CIBR has higher volatility (10.90%) compared to FXG (3.20%). In terms of maximum drawdown, FXG dropped -38.69% vs CIBR's -33.89%.
On 10-year performance, CIBR leads with 18.49% vs 4.23% for FXG. On fees, CIBR is cheaper at 0.60% per year. On volatility, FXG has been the lower-risk option at 3.20%. The better choice depends on whether you care most about return, fees, risk, or income.
Over the 10-year period, CIBR has performed better with a 18.49% return vs 4.23%. Past performance does not guarantee future results, so compare this with risk, fees, and fund exposure.
CIBR is cheaper with a 0.60% expense ratio, compared with 0.63% for FXG.
FXG has the higher dividend yield at 2.90%, compared with 0.45% for CIBR.
FXG is categorized as Consumer Staples Equities, while CIBR is Technology Equities. FXG tracks StrataQuant Consumer Staples Index, while CIBR tracks Nasdaq CTA Cybersecurity Index. Their fees differ too: 0.63% for FXG and 0.60% for CIBR.
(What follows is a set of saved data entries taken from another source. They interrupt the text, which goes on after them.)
section \<open>Pullback by a time-preserving linear isomorphism\<close>

lemma linear_injective_inv:
  fixes D :: "'a::euclidean_space \<Rightarrow> 'a"
  assumes "linear D" "inj D"
  shows "linear (inv D)" "D (inv D y) = y"
  using assms inj_linear_imp_inv_linear linear_inj_imp_surj surj_f_inv_f by metis+

lemma slice_compatible_form_pullback:
  fixes G :: "'n::finite pt \<Rightarrow> 'n pt \<Rightarrow> real" and D :: "'n pt \<Rightarrow> 'n pt"
  assumes G: "slice_compatible_form G" and D: "linear D" "inj D" and snd_D: "\<And>v. snd (D v) = snd v"
  shows "slice_compatible_form (\<lambda>v w. G (D v) (D w))"
  unfolding slice_compatible_form_def lorentzian_form_def
proof (intro conjI allI impI)
  have bl: "bilinear G" using G by (rule slice_compatible_form_bilinear)
  show "bilinear (\<lambda>v w. G (D v) (D w))"
    using linear_compose[OF D(1)] bl unfolding bilinear_def o_def by blast
  show "G (D v) (D w) = G (D w) (D v)" for v w
    using G unfolding slice_compatible_form_def lorentzian_form_def by blast
  obtain e :: "'n option \<Rightarrow> 'n pt"
    where e: "\<forall>a b. G (e a) (e b) = (if a = b then if a = None then -1 else 1 else 0)"
    using G unfolding slice_compatible_form_def lorentzian_form_def by blast
  then show "\<exists>e :: 'n option \<Rightarrow> 'n pt. \<forall>a b. G (D (e a)) (D (e b)) =
      (if a = b then if a = None then -1 else 1 else 0)"
    by (intro exI[of _ "inv D \<circ> e"]) (simp add: linear_injective_inv[OF D])
next
  fix W :: "real^'n" assume "W \<noteq> 0"
  then have "D (W, 0) \<noteq> 0" using D by (metis linear_injective_0 prod.inject zero_prod_def)
  moreover have D_W: "D (W, 0) = (fst (D (W, 0)), 0)" using snd_D[of "(W, 0)"] by (simp add: prod_eq_iff)
  ultimately have "fst (D (W, 0)) \<noteq> 0" by (metis zero_prod_def)
  then show "G (D (W, 0)) (D (W, 0)) > 0" using G D_W by (metis slice_compatible_form_def)
qed

lemma shift_pullback_metric:
  fixes g :: "'n::finite pt \<Rightarrow> 'n pt \<Rightarrow> 'n pt \<Rightarrow> real" and \<Psi> :: "'n pt \<Rightarrow> 'n pt"
  assumes G: "slice_compatible_form (g (\<Psi> q))"
    and D: "linear (dmap \<Psi> q)" "inj (dmap \<Psi> q)" and snd_D: "\<And>v. snd (dmap \<Psi> q v) = snd v"
  shows "(0, 1) - shift (pullback_metric \<Psi> g) q = inv (dmap \<Psi> q) ((0, 1) - shift g (\<Psi> q))"
proof -
  define W where "W = normal_spatial_part (g (\<Psi> q))"
  define Y where "Y = inv (dmap \<Psi> q) (W, 1)"
  have D_Y: "dmap \<Psi> q Y = (W, 1)" using linear_injective_inv(2)[OF D] by (simp add: Y_def)
  then have Y: "Y = (fst Y, 1)" using snd_D[of Y] by (simp add: prod_eq_iff)
  have pb: "pullback_metric \<Psi> g q = (\<lambda>v w. g (\<Psi> q) (dmap \<Psi> q v) (dmap \<Psi> q w))"
    by (simp add: pullback_metric_def fun_eq_iff)
  have "\<forall>U. pullback_metric \<Psi> g q (fst Y, 1) (U, 0) = 0"
  proof
    fix U :: "real^'n"
    have "dmap \<Psi> q (U, 0) = (fst (dmap \<Psi> q (U, 0)), 0)" using snd_D[of "(U, 0)"] by (simp add: prod_eq_iff)
    then show "pullback_metric \<Psi> g q (fst Y, 1) (U, 0) = 0"
      using normal_spatial_part_orthogonal[OF G] D_Y Y by (metis W_def pb)
  qed
  then have "shift (pullback_metric \<Psi> g) q = (- fst Y, 0)"
    using slice_compatible_form_pullback[OF G D snd_D, folded pb] by (intro shift_eqI)
  then show ?thesis
    using Y shift_eq_normal_spatial_part[of g, OF G] by (simp add: Y_def W_def)
qed

lemma adjoint_dt:
  fixes L :: "'n::finite pt \<Rightarrow> 'n pt"
  assumes "linear L" "\<And>x. snd (L x) = snd x"
  shows "adjoint L (0, 1) = (0, 1)"
proof -
  have "x \<bullet> adjoint L (0, 1) = x \<bullet> (0, 1)" for x
    using assms by (simp add: adjoint_works inner_Pair_0)
  then show ?thesis using vector_eq_ldot by blast
qed

lemma adjoint_PXstar:
  fixes L :: "'n::finite pt \<Rightarrow> 'n pt"
  assumes L: "linear L" and snd_L: "\<And>x. snd (L x) = snd x"
    and X: "snd X = 0" and X': "(0, 1) - X' = L ((0, 1) - X)"
  shows "adjoint L (PXstar X' \<omega>) = PXstar X (adjoint L (jproj \<omega>))"
proof -
  define Y where "Y = L ((0, 1) - X)"
  define \<eta> where "\<eta> = fst \<omega>"
  have X'_eq: "X' = (0, 1) - Y" using X' by (simp add: Y_def algebra_simps)
  have "z \<bullet> adjoint L (PXstar X' \<omega>) = z \<bullet> PXstar X (adjoint L (jproj \<omega>))" for z
  proof -
    define \<omega>' where "\<omega>' = adjoint L (\<eta>, 0)"
    have "z \<bullet> adjoint L (PXstar X' \<omega>) = L z \<bullet> PXstar ((0, 1) - Y) \<omega>"
      by (simp add: adjoint_works[OF L] X'_eq)
    also have "\<dots> = fst (L z) \<bullet> \<eta> - snd z * (\<eta> \<bullet> fst Y)"
      by (simp add: PXstar_def \<eta>_def snd_L inner_commute inner_prod_def)
    finally have lhs: "z \<bullet> adjoint L (PXstar X' \<omega>) = fst (L z) \<bullet> \<eta> - snd z * (\<eta> \<bullet> fst Y)" .
    have "z \<bullet> PXstar X (adjoint L (jproj \<omega>)) = fst z \<bullet> fst \<omega>' + snd z * (fst \<omega>' \<bullet> fst X)"
      by (simp add: PXstar_def \<omega>'_def jproj_def \<eta>_def inner_prod_def)
    also have "\<dots> = (fst z + snd z *\<^sub>R fst X, 0) \<bullet> \<omega>'"
      by (simp add: inner_Pair_0 inner_add_right inner_commute)
    also have "\<dots> = L (fst z + snd z *\<^sub>R fst X, 0) \<bullet> (\<eta>, 0)"
      by (simp add: \<omega>'_def adjoint_works[OF L])
    also have "(fst z + snd z *\<^sub>R fst X, 0) = z - snd z *\<^sub>R ((0, 1) - X)"
      using X by (simp add: prod_eq_iff)
    also have "L (z - snd z *\<^sub>R ((0, 1) - X)) = L z - snd z *\<^sub>R Y"
      by (simp add: Y_def linear_diff[OF L] linear_scale[OF L])
    also have "(L z - snd z *\<^sub>R Y) \<bullet> (\<eta>, 0) = fst (L z) \<bullet> \<eta> - snd z * (\<eta> \<bullet> fst Y)"
      by (simp add: inner_prod_def inner_diff_right inner_commute)
    finally show ?thesis using lhs by simp
  qed
  then show ?thesis using vector_eq_ldot by blast
qed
CIBR currently has the higher Sharpe Ratio (1.06 vs -0.18), meaning it's delivered slightly more return per unit of risk over the trailing 12 months. However, this ranking shifts over time - use the Risk/Return Score above for a more comprehensive view that combines Sharpe, Sortino, and other measures used by quantitative funds.